Playout Analysis
What is better for programming Go ?
- Minimax search or
-
Playout Analysis
A brief description of Playout Analysis:
Place the stone on the board you want to find the value for. This is now your beginning board position.
Play a series of random moves (presented from a move generator) from your beginning board position. Evaluate the board. Return to the beginning board postion and repeat the play of series a dozen times, summing the board evaluations.
Go back to the initial board, and place a new stone, then do the play a new series from that position, and again for the next stone, and again, and again....
Kjeld Petersen The opponents responce could also be weighted, so that the better responce would be more likely to choose in the random function. This could result in slowly building a tree for the best responces. The most likely moves.
Find the stone that had the best sum. Play this move.
JG There was some discussion on Playout Analysis in the computer go mailing list starting in August 2004. See the messages about SlugGo in
http://computer-go.org/mailman/listinfo/computer-go/
Bill: I would think that there need not be a requirement for random play. If you want no search at all, you could still use heuristics, which should produce a better result than random play.
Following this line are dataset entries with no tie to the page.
lemma modified_PR_step_gain:
  fixes F :: "'a::real_inner \<Rightarrow> real" and gradF :: "'a \<Rightarrow> 'a" and G :: "'a \<Rightarrow> ereal"
  assumes F_convex: "convex_on UNIV F"
    and F_grad: "\<And>u. (F has_derivative (\<lambda>h. gradF u \<bullet> h)) (at u)"
    and F_lip: "\<And>u v. norm (gradF u - gradF v) \<le> L * norm (u - v)"
    and L: "0 < L" and \<gamma>: "0 < \<gamma>" "12 * (L * \<gamma>) < 1" and m: "0 < m"
    and \<theta>: "0 < \<theta>" "\<theta> \<le> 1 / 2" "\<theta> \<le> m / L"
    and c: "c \<le> L / 2" "c \<le> 1 / (8 * L)" "c \<le> \<theta> * m / 2"
    and G_proper: "proper_fun G" and G_convex: "ext_convex G"
    and u_sub: "subgradient G u (- gradF u)"
    and growth: "\<And>v. ereal (F u) + G u + ereal (m * (norm (v - u))\<^sup>2) \<le> ereal (F v) + G v"
    and ymin: "y1 \<in> Argmin (\<lambda>v. F v + 5 * L / 2 * (norm v)\<^sup>2 + (norm (v - x0))\<^sup>2 / (2 * \<gamma>))"
    and zmin: "z1 \<in> Argmin (\<lambda>v. G v - ereal (5 * L / 2 * (norm v)\<^sup>2)
                        + ereal ((norm (2 *\<^sub>R y1 - x0 - v))\<^sup>2 / (2 * \<gamma>)))"
  defines "xb \<equiv> u + \<gamma> *\<^sub>R (gradF u + (5 * L) *\<^sub>R u)"
  shows "4 * \<gamma> * c * ((norm ((y1 - u) - (z1 - u)))\<^sup>2 + (norm (gradF y1 - gradF u))\<^sup>2 + (norm (z1 - u))\<^sup>2)
      \<le> (norm (x0 - xb))\<^sup>2 - (norm ((x0 - xb) - 2 *\<^sub>R ((y1 - u) - (z1 - u))))\<^sup>2"
proof (rule pr_gain_lower_bound[OF L \<gamma> m \<theta> c])
  define w where "w = (5 * L) *\<^sub>R z1 + (1 / \<gamma>) *\<^sub>R (2 *\<^sub>R y1 - x0 - z1)"
  have x0: "x0 = y1 + \<gamma> *\<^sub>R (gradF y1 + (5 * L) *\<^sub>R y1)"
    by (rule prox_gradient_step_optimality[OF F_grad \<gamma>(1) ymin])
  have w: "subgradient G z1 w"
    unfolding w_def by (rule prox_concave_step_subgradient[OF G_convex G_proper zmin])
  show "x0 - xb = (1 + 5 * L * \<gamma>) *\<^sub>R (y1 - u) + \<gamma> *\<^sub>R (gradF y1 - gradF u)"
    by (simp add: x0 xb_def algebra_simps)
  show "\<gamma> *\<^sub>R (w + gradF u) = (5 * L * \<gamma>) *\<^sub>R (z1 - u) + 2 *\<^sub>R (y1 - u) - (x0 - xb) - (z1 - u)"
    using \<gamma> by (simp add: w_def xb_def algebra_simps scaleR_2)
  show "(norm (gradF y1 - gradF u))\<^sup>2 / (2 * L) \<le> (gradF y1 - gradF u) \<bullet> (y1 - u)"
    by (rule lipschitz_gradient_cocoercive[OF F_convex F_grad F_lip L])
  show "norm ((gradF z1 - gradF u) - (gradF y1 - gradF u)) \<le> L * norm ((y1 - u) - (z1 - u))"
    using F_lip[of z1 y1] by (simp add: norm_minus_commute)
  show "0 \<le> (w + gradF u) \<bullet> (z1 - u)"
    using subgradient_monotone[OF w u_sub] by simp
  show "m * (norm (z1 - u))\<^sup>2 \<le> ((gradF z1 - gradF u) + (w + gradF u)) \<bullet> (z1 - u)"
    using subgradient_inner_ge_of_growth[OF subgradient_add_gradient[OF F_convex F_grad w] growth]
    by simp
qed

lemma modified_PR_contraction:
  fixes F :: "'a::real_inner \<Rightarrow> real" and gradF :: "'a \<Rightarrow> 'a" and G :: "'a \<Rightarrow> ereal"
    and x y z :: "nat \<Rightarrow> 'a"
  assumes F_convex: "convex_on UNIV F"
    and F_grad: "\<And>u. (F has_derivative (\<lambda>h. gradF u \<bullet> h)) (at u)"
    and F_lip: "\<And>u v. norm (gradF u - gradF v) \<le> L * norm (u - v)"
    and L: "0 < L" and \<gamma>: "0 < \<gamma>" "12 * (L * \<gamma>) < 1" and m: "0 < m"
    and G_proper: "proper_fun G" and G_convex: "ext_convex G"
    and u_sub: "subgradient G u (- gradF u)"
    and growth: "\<And>v. ereal (F u) + G u + ereal (m * (norm (v - u))\<^sup>2) \<le> ereal (F v) + G v"
    and y_step: "\<And>t. y (Suc t) \<in> Argmin (\<lambda>v. F v + 5 * L / 2 * (norm v)\<^sup>2
                    + (norm (v - x t))\<^sup>2 / (2 * \<gamma>))"
    and z_step: "\<And>t. z (Suc t) \<in> Argmin (\<lambda>v. G v - ereal (5 * L / 2 * (norm v)\<^sup>2)
                    + ereal ((norm (2 *\<^sub>R y (Suc t) - x t - v))\<^sup>2 / (2 * \<gamma>)))"
    and x_step: "\<And>t. x (Suc t) = x t + 2 *\<^sub>R (z (Suc t) - y (Suc t))"
  obtains r K xb where "0 < r" "r < 1" "0 < K"
    and "\<And>t. (norm (x (Suc t) - xb))\<^sup>2 \<le> r * (norm (x t - xb))\<^sup>2"
    and "\<And>t. (norm (y (Suc t) - u))\<^sup>2 \<le> K * (norm (x t - xb))\<^sup>2"
    and "\<And>t. (norm (z (Suc t) - u))\<^sup>2 \<le> K * (norm (x t - xb))\<^sup>2"
proof -
  define \<theta> where "\<theta> = min (1 / 2) (m / L)"
  define c where "c = min (min (L / 2) (1 / (8 * L))) (\<theta> * m / 2)"
  \<comment> \<open>the fixed point of the iteration: the y-update maps it to the minimizer u\<close>
  define xb where "xb = u + \<gamma> *\<^sub>R (gradF u + (5 * L) *\<^sub>R u)"
  have \<theta>: "0 < \<theta>" "\<theta> \<le> 1 / 2" "\<theta> \<le> m / L" using m L by (auto simp: \<theta>_def min_def)
  have c: "0 < c" "c \<le> L / 2" "c \<le> 1 / (8 * L)" "c \<le> \<theta> * m / 2"
    using L m \<theta> by (auto simp: c_def)
  have "4 * \<gamma> * c \<le> 2 * (L * \<gamma>)" using c(2) \<gamma> by simp
  hence "4 * \<gamma> * c < 12 + 3 * \<gamma>\<^sup>2" using \<gamma> zero_le_power2[of \<gamma>] by linarith
  hence r: "0 < 1 - 4 * \<gamma> * c / (12 + 3 * \<gamma>\<^sup>2)" "1 - 4 * \<gamma> * c / (12 + 3 * \<gamma>\<^sup>2) < 1"
    using \<gamma> c by (simp_all add: add_pos_nonneg)
  have P: "0 \<le> 1 + 5 * L * \<gamma>" "1 + 5 * L * \<gamma> \<le> 2" using L \<gamma> by simp_all
  have dx: "x t - xb = (1 + 5 * L * \<gamma>) *\<^sub>R (y (Suc t) - u) + \<gamma> *\<^sub>R (gradF (y (Suc t)) - gradF u)"
    for t
    using prox_gradient_step_optimality[OF F_grad \<gamma>(1) y_step] by (simp add: xb_def algebra_simps)
  have contr: "(norm ((x t - xb) - 2 *\<^sub>R ((y (Suc t) - u) - (z (Suc t) - u))))\<^sup>2
          \<le> (1 - 4 * \<gamma> * c / (12 + 3 * \<gamma>\<^sup>2)) * (norm (x t - xb))\<^sup>2"
    "(norm (y (Suc t) - u))\<^sup>2 \<le> (norm (x t - xb))\<^sup>2 / (2 * \<gamma> * c)"
    "(norm (z (Suc t) - u))\<^sup>2 \<le> (norm (x t - xb))\<^sup>2 / (2 * \<gamma> * c)" for t
    using pr_contraction_of_gain[OF \<gamma>(1) c(1) P dx]
      modified_PR_step_gain[OF F_convex F_grad F_lip L \<gamma> m \<theta> c(2-4) G_proper G_convex u_sub growth
        y_step z_step]
    unfolding xb_def by blast+
  show thesis
  proof (rule that[OF r, of "1 / (2 * \<gamma> * c)" xb])
    show "0 < 1 / (2 * \<gamma> * c)" using \<gamma> c by simp
    fix t
    have "x (Suc t) - xb = (x t - xb) - 2 *\<^sub>R ((y (Suc t) - u) - (z (Suc t) - u))"
      by (simp add: x_step algebra_simps)
    thus "(norm (x (Suc t) - xb))\<^sup>2 \<le> (1 - 4 * \<gamma> * c / (12 + 3 * \<gamma>\<^sup>2)) * (norm (x t - xb))\<^sup>2"
      using contr(1)[of t] by (simp only:)
    show "(norm (y (Suc t) - u))\<^sup>2 \<le> 1 / (2 * \<gamma> * c) * (norm (x t - xb))\<^sup>2"
      "(norm (z (Suc t) - u))\<^sup>2 \<le> 1 / (2 * \<gamma> * c) * (norm (x t - xb))\<^sup>2"
      using contr(2,3) by simp_all
  qed
qed
lemma weakly_universal_if_DM_subset_closure:
  assumes "proper r" and dense: "DM \<subseteq> closure ((\<lambda>g. act g r) ` Sinf)"
  shows "weakly_universal r"
  unfolding weakly_universal_def
proof (intro conjI allI impI \<open>proper r\<close>)
  fix n q and e :: real
  assume q: "dist_matrix_n n q" and "e > 0"
  show "\<exists>idx. \<forall>k<n. \<forall>l<n. \<bar>r (idx k) (idx l) - q k l\<bar> < e"
  proof (cases "n = 0")
    case True
    then show ?thesis
      by simp
  next
    case False
    define s where "s i j = q (min i (n - 1)) (min j (n - 1))" for i j
    have "s \<in> DM"
      using dist_matrix_pullback[OF q, of "\<lambda>i. min i (n - 1)"] False
      by (simp add: DM_def s_def[abs_def])
    then have "s \<in> closure ((\<lambda>g. act g r) ` Sinf)"
      using dense by blast
    then have "\<forall>N. \<forall>e>0. \<exists>t\<in>(\<lambda>g. act g r) ` Sinf. \<forall>i<N. \<forall>j<N. \<bar>t i j - s i j\<bar> < e"
      by (simp only: closure_iff_corner_approx dist_real_def)
    then obtain g where "\<forall>i<n. \<forall>j<n. \<bar>act g r i j - s i j\<bar> < e"
      using \<open>e > 0\<close> by blast
    then show ?thesis
      by (auto simp: act_def s_def)
  qed
qed

theorem mainTheorem11:
  fixes r :: imatrix
  assumes "dist_matrix r" and "proper r"
  shows "(universal r \<longleftrightarrow>
            (\<forall>n. fiber n (pn n r) \<subseteq> closure ((\<lambda>g. act g r) ` Sinf_n n)))
       \<and> (weakly_universal r \<longleftrightarrow> DM \<subseteq> closure ((\<lambda>g. act g r) ` Sinf))"
proof (intro conjI iffI)
  show "\<forall>n. fiber n (pn n r) \<subseteq> closure ((\<lambda>g. act g r) ` Sinf_n n)" if "universal r"
    using fiber_subset_closure_if_universal[OF that assms(1)] by blast
  show "universal r" if "\<forall>n. fiber n (pn n r) \<subseteq> closure ((\<lambda>g. act g r) ` Sinf_n n)"
    using universal_if_fiber_subset_closure[OF assms] that by blast
  show "DM \<subseteq> closure ((\<lambda>g. act g r) ` Sinf)" if "weakly_universal r"
    using DM_subset_closure_if_weakly_universal[OF that assms(1)] .
  show "weakly_universal r" if "DM \<subseteq> closure ((\<lambda>g. act g r) ` Sinf)"
    using weakly_universal_if_DM_subset_closure[OF assms(2) that] .
qed

end
(* Let $n=1$ and let $e^1,\dots,e^m$ be $C^\infty$ functions of $(x,w^{j'},w^{j'}_1,w^{j'}_2)$ (second-order data), defined on the whole corresponding Euclidean space. If there exists a Lagrange function $f$ of some finite order with $e^j=e^j[f]$ for all $j=1,\dots,m$, then each $e^j$ is affine in the second-order variables, $e^j=F^j-\sum_{j'}F^{jj'}w^{j'}_2$ with $F^j,F^{jj'}$ functions of $(x,w,w_1)$ and $F^{jj'}=F^{j'j}$, and there exists a first-order Lagrange function $g(x,w,w_1)$ with $e^j[g]=e^j$ for all $j$.
   Context: One independent variable $x$, dependent variables $w^1,\dots,w^m$; jet coordinates $w^j_r$ ($r\ge0$, $w^j_0=w^j$) standing for $d^rw^j/dx^r$. A Lagrange function is a $C^\infty$ function of $x$ and finitely many $w^j_r$, defined on the whole corresponding Euclidean space. $\frac{d}{dx}=\partial_x+\sum_{j,r}w^j_{r+1}\partial_{w^j_r}$ and $e^j[f]=\sum_r(-1)^r\frac{d^r}{dx^r}\frac{\partial f}{\partial w^j_r}$. *)

theory Defs
  imports "HOL-Analysis.Analysis" "HOL-Library.Groups_Big_Fun"
begin

text \<open>Jet coordinates: the independent variable x and w^j_r (j-th dependent
variable, r-th derivative). Dependent variables are indexed j = 0..m-1.
A point of the (infinite) jet space is a map from coordinates to reals;
it carries the product topology.\<close>

datatype jvar = X | W nat nat

type_synonym jpt = "jvar \<Rightarrow> real"

definition pd :: "jvar \<Rightarrow> (jpt \<Rightarrow> real) \<Rightarrow> jpt \<Rightarrow> real" where
  "pd v F p = deriv (\<lambda>t. F (p(v := t))) (p v)"

definition iter_pd :: "jvar list \<Rightarrow> (jpt \<Rightarrow> real) \<Rightarrow> jpt \<Rightarrow> real" where
  "iter_pd vs F = foldr pd vs F"

definition depends_only :: "jvar set \<Rightarrow> (jpt \<Rightarrow> real) \<Rightarrow> bool" where
  "depends_only S F \<longleftrightarrow> (\<forall>p q. (\<forall>v\<in>S. p v = q v) \<longrightarrow> F p = F q)"

definition smooth :: "(jpt \<Rightarrow> real) \<Rightarrow> bool" where
  "smooth F \<longleftrightarrow> (\<forall>vs. continuous_on UNIV (iter_pd vs F) \<and>
      (\<forall>v p. (\<lambda>t. iter_pd vs F (p(v := t))) differentiable (at (p v))))"

definition vars_upto :: "nat \<Rightarrow> nat \<Rightarrow> jvar set" where
  "vars_upto m k = insert X {W j r | j r. j < m \<and> r \<le> k}"

definition lagrange :: "nat \<Rightarrow> (jpt \<Rightarrow> real) \<Rightarrow> bool" where
  "lagrange m F \<longleftrightarrow> smooth F \<and> (\<exists>k. depends_only (vars_upto m k) F)"

text \<open>Total derivative d/dx = \<partial>_x + \<Sum>_{j,r} w^j_{r+1} \<partial>_{w^j_r}
  (a finite sum for functions of finite order).\<close>
definition Dx :: "nat \<Rightarrow> (jpt \<Rightarrow> real) \<Rightarrow> jpt \<Rightarrow> real" where
  "Dx m F p = pd X F p +
     Sum_any (\<lambda>jr::nat\<times>nat. (if fst jr < m then p (W (fst jr) (Suc (snd jr))) * pd (W (fst jr) (snd jr)) F p else 0))"

definition euler :: "nat \<Rightarrow> nat \<Rightarrow> (jpt \<Rightarrow> real) \<Rightarrow> jpt \<Rightarrow> real" where
  "euler m j F p = Sum_any (\<lambda>r::nat. (-1) ^ r * (Dx m ^^ r) (pd (W j r) F) p)"

end

theory Submission
  imports Defs
begin

text \<open>Let \<open>f\<close> have order \<open>K \<ge> 2\<close> while its Euler--Lagrange expressions have order at
  most two. The coefficients of \<open>w\<^sub>2\<^sub>K\<close> and \<open>w\<^sub>2\<^sub>K\<^sub>-\<^sub>1\<close> in \<open>e\<^sup>j[f]\<close> must then vanish; this says that
  the top-order momenta \<open>\<partial>f/\<partial>w\<^sup>j\<^sub>K\<close> have order \<open>K - 1\<close> and satisfy the integrability
  condition in the variables \<open>w\<^sub>K\<^sub>-\<^sub>1\<close>. A potential \<open>C\<close> of order \<open>K - 1\<close>, obtained by
  integrating along coordinates, yields \<open>f - D\<^sub>x C\<close>, which has order \<open>K - 1\<close> and the same
  Euler--Lagrange expressions because total derivatives are null Lagrangians. Descending
  to a first-order \<open>g\<close>, the expression \<open>\<partial>g/\<partial>w\<^sup>j - D\<^sub>x(\<partial>g/\<partial>w\<^sup>j\<^sub>1)\<close> is affine in \<open>w\<^sub>2\<close> with
  the symmetric coefficients \<open>\<partial>\<^sup>2g/\<partial>w\<^sup>i\<^sub>1\<partial>w\<^sup>j\<^sub>1\<close>.\<close>

section \<open>Calculus on the jet space\<close>

lemma iter_pd_Nil [simp]: "iter_pd [] F = F"
  by (simp add: iter_pd_def)

lemma iter_pd_snoc: "iter_pd (vs @ [v]) F = iter_pd vs (pd v F)"
  by (simp add: iter_pd_def)

definition coordwise_C1 :: "(jpt \<Rightarrow> real) \<Rightarrow> bool" where
  "coordwise_C1 F \<longleftrightarrow> continuous_on UNIV F \<and> (\<forall>v p. (\<lambda>t. F (p(v := t))) differentiable (at (p v)))"

lemma smooth_iff_coordwise_C1: "smooth F \<longleftrightarrow> (\<forall>vs. coordwise_C1 (iter_pd vs F))"
  by (simp add: smooth_def coordwise_C1_def)

lemma smooth_pd: "smooth F \<Longrightarrow> smooth (pd v F)"
  unfolding smooth_iff_coordwise_C1 by (metis iter_pd_snoc)

lemma smooth_imp_coordwise_C1: "smooth F \<Longrightarrow> coordwise_C1 F"
  unfolding smooth_iff_coordwise_C1 by (metis iter_pd_Nil)

lemma coordwise_C1_continuous: "coordwise_C1 F \<Longrightarrow> continuous_on UNIV F"
  by (simp add: coordwise_C1_def)

lemma smooth_continuous_pd: "smooth F \<Longrightarrow> continuous_on UNIV (pd v F)"
  by (intro coordwise_C1_continuous smooth_imp_coordwise_C1 smooth_pd)

lemma smooth_coinduct:
  assumes "\<And>H. H \<in> K \<Longrightarrow> coordwise_C1 H" "\<And>H v. H \<in> K \<Longrightarrow> pd v H \<in> K" "H \<in> K"
  shows "smooth H"
proof -
  have "\<forall>H\<in>K. coordwise_C1 (iter_pd vs H)" for vs
    by (induction vs rule: rev_induct) (use assms(1,2) in \<open>simp_all add: iter_pd_snoc\<close>)
  then show ?thesis using assms(3) smooth_iff_coordwise_C1 by blast
qed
Kjeld Petersen How about extending this algorithm. First place more than 1 stone on the board (say 20 stones, 10 black and 10 white). Then "shake" each stone at a time, to see if it makes the influence of all stones better. Repeat shaking for some while, then mark the postion of the stones, and start over.
After some run it should be clear that some postions are being marked more frequently, so somewhere around those positions must be good strategically.
That could make over playout analysis better.
Woody Folsom: This sounds like simulated annealing, which was used to determine the playout policy in Brügmann's 1993 paper "Monte Carlo Go".